*** Block opens ***
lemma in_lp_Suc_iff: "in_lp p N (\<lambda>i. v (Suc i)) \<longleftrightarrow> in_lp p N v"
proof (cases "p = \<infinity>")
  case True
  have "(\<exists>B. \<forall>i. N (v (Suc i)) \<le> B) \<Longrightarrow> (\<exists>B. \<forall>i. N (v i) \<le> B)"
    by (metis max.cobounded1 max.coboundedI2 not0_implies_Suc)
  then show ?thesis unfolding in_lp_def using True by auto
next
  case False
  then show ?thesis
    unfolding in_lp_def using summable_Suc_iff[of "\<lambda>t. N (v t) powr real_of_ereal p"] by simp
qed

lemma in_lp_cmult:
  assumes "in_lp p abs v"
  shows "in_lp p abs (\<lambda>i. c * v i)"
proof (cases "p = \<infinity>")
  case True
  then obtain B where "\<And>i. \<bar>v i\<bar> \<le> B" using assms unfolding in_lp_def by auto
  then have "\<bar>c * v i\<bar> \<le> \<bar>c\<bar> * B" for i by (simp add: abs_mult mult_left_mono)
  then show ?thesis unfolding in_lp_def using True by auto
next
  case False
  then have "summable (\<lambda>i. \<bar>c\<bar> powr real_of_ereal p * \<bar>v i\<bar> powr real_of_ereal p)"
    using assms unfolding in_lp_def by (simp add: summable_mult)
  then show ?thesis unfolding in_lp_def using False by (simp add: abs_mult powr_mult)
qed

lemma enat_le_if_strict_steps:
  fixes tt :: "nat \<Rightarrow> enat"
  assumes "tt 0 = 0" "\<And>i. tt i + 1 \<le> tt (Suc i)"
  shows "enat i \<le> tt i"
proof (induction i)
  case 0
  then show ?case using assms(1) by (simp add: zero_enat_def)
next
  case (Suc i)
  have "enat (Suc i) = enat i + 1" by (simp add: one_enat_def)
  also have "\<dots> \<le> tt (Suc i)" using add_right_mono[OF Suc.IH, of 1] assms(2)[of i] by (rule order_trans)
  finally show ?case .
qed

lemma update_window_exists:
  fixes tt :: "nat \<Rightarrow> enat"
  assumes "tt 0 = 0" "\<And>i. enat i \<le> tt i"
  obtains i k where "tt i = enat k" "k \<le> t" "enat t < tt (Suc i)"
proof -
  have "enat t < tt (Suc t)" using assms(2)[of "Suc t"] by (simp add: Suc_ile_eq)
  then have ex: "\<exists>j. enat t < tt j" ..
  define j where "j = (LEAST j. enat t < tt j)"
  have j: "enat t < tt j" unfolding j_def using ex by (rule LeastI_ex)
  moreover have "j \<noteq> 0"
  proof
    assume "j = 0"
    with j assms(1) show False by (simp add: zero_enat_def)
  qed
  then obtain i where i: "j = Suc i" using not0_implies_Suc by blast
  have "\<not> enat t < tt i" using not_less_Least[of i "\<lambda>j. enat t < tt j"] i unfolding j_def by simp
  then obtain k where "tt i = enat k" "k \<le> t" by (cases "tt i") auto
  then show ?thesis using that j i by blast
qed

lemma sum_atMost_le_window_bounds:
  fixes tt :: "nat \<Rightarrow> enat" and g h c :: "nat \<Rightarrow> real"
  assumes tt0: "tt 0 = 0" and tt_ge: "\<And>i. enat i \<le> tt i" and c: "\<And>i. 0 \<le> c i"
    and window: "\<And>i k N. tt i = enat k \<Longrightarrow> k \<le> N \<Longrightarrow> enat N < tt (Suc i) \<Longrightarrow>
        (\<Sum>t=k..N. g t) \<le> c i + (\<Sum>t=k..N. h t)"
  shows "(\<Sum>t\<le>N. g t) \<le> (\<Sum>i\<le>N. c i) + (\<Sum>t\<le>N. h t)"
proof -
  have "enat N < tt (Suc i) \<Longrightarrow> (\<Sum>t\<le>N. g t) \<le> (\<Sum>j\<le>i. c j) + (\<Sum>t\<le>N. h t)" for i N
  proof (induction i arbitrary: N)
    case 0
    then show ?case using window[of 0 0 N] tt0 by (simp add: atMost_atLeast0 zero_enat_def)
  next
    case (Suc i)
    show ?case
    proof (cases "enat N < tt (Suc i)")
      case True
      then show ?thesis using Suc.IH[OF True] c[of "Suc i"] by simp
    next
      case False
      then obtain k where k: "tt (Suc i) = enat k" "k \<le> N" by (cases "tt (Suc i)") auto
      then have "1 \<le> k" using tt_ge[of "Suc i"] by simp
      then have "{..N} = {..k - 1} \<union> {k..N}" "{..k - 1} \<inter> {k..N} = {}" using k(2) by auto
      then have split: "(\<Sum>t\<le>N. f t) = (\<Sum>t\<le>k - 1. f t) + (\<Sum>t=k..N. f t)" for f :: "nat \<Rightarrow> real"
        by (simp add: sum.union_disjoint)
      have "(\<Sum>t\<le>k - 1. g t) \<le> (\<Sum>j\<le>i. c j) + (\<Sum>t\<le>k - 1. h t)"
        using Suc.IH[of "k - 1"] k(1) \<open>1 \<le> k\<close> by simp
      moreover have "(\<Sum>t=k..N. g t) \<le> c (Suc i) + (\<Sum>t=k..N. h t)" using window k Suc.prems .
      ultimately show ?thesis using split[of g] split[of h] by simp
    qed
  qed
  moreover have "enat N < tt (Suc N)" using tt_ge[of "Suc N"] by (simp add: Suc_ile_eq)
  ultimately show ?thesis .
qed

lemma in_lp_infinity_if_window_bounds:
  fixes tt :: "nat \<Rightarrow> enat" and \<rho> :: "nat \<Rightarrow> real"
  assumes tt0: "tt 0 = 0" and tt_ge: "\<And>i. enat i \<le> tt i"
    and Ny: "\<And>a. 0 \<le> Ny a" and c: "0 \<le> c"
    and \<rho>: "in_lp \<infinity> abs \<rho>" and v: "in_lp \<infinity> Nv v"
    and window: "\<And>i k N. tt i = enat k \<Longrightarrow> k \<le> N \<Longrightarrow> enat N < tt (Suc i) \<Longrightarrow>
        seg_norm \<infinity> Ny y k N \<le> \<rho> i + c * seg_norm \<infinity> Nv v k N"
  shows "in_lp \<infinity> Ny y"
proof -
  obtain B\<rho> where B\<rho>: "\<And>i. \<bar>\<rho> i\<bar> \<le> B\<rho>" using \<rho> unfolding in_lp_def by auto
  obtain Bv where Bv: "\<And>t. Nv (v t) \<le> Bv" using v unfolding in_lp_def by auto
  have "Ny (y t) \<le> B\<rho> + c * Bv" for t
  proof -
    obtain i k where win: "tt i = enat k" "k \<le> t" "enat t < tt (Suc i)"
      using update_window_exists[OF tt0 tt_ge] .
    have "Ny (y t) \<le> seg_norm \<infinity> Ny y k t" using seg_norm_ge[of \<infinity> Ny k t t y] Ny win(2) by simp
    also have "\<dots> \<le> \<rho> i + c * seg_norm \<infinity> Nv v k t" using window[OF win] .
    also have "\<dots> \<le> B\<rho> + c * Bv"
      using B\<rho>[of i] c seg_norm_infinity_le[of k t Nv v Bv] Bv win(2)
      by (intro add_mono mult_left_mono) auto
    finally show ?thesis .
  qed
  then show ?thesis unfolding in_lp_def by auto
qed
*** Block closes ***
- _How to complete this task_:
Please provide an exact transcription of each line from the one holding "by (simp add: sum.union_disjoint)" through the final line of the data above.

- _Output below_:
        by (simp add: sum.union_disjoint)
      have "(\<Sum>t\<le>k - 1. g t) \<le> (\<Sum>j\<le>i. c j) + (\<Sum>t\<le>k - 1. h t)"
        using Suc.IH[of "k - 1"] k(1) \<open>1 \<le> k\<close> by simp
      moreover have "(\<Sum>t=k..N. g t) \<le> c (Suc i) + (\<Sum>t=k..N. h t)" using window k Suc.prems .
      ultimately show ?thesis using split[of g] split[of h] by simp
    qed
  qed
  moreover have "enat N < tt (Suc N)" using tt_ge[of "Suc N"] by (simp add: Suc_ile_eq)
  ultimately show ?thesis .
qed

lemma in_lp_infinity_if_window_bounds:
  fixes tt :: "nat \<Rightarrow> enat" and \<rho> :: "nat \<Rightarrow> real"
  assumes tt0: "tt 0 = 0" and tt_ge: "\<And>i. enat i \<le> tt i"
    and Ny: "\<And>a. 0 \<le> Ny a" and c: "0 \<le> c"
    and \<rho>: "in_lp \<infinity> abs \<rho>" and v: "in_lp \<infinity> Nv v"
    and window: "\<And>i k N. tt i = enat k \<Longrightarrow> k \<le> N \<Longrightarrow> enat N < tt (Suc i) \<Longrightarrow>
        seg_norm \<infinity> Ny y k N \<le> \<rho> i + c * seg_norm \<infinity> Nv v k N"
  shows "in_lp \<infinity> Ny y"
proof -
  obtain B\<rho> where B\<rho>: "\<And>i. \<bar>\<rho> i\<bar> \<le> B\<rho>" using \<rho> unfolding in_lp_def by auto
  obtain Bv where Bv: "\<And>t. Nv (v t) \<le> Bv" using v unfolding in_lp_def by auto
  have "Ny (y t) \<le> B\<rho> + c * Bv" for t
  proof -
    obtain i k where win: "tt i = enat k" "k \<le> t" "enat t < tt (Suc i)"
      using update_window_exists[OF tt0 tt_ge] .
    have "Ny (y t) \<le> seg_norm \<infinity> Ny y k t" using seg_norm_ge[of \<infinity> Ny k t t y] Ny win(2) by simp
    also have "\<dots> \<le> \<rho> i + c * seg_norm \<infinity> Nv v k t" using window[OF win] .
    also have "\<dots> \<le> B\<rho> + c * Bv"
      using B\<rho>[of i] c seg_norm_infinity_le[of k t Nv v Bv] Bv win(2)
      by (intro add_mono mult_left_mono) auto
    finally show ?thesis .
  qed
  then show ?thesis unfolding in_lp_def by auto
qed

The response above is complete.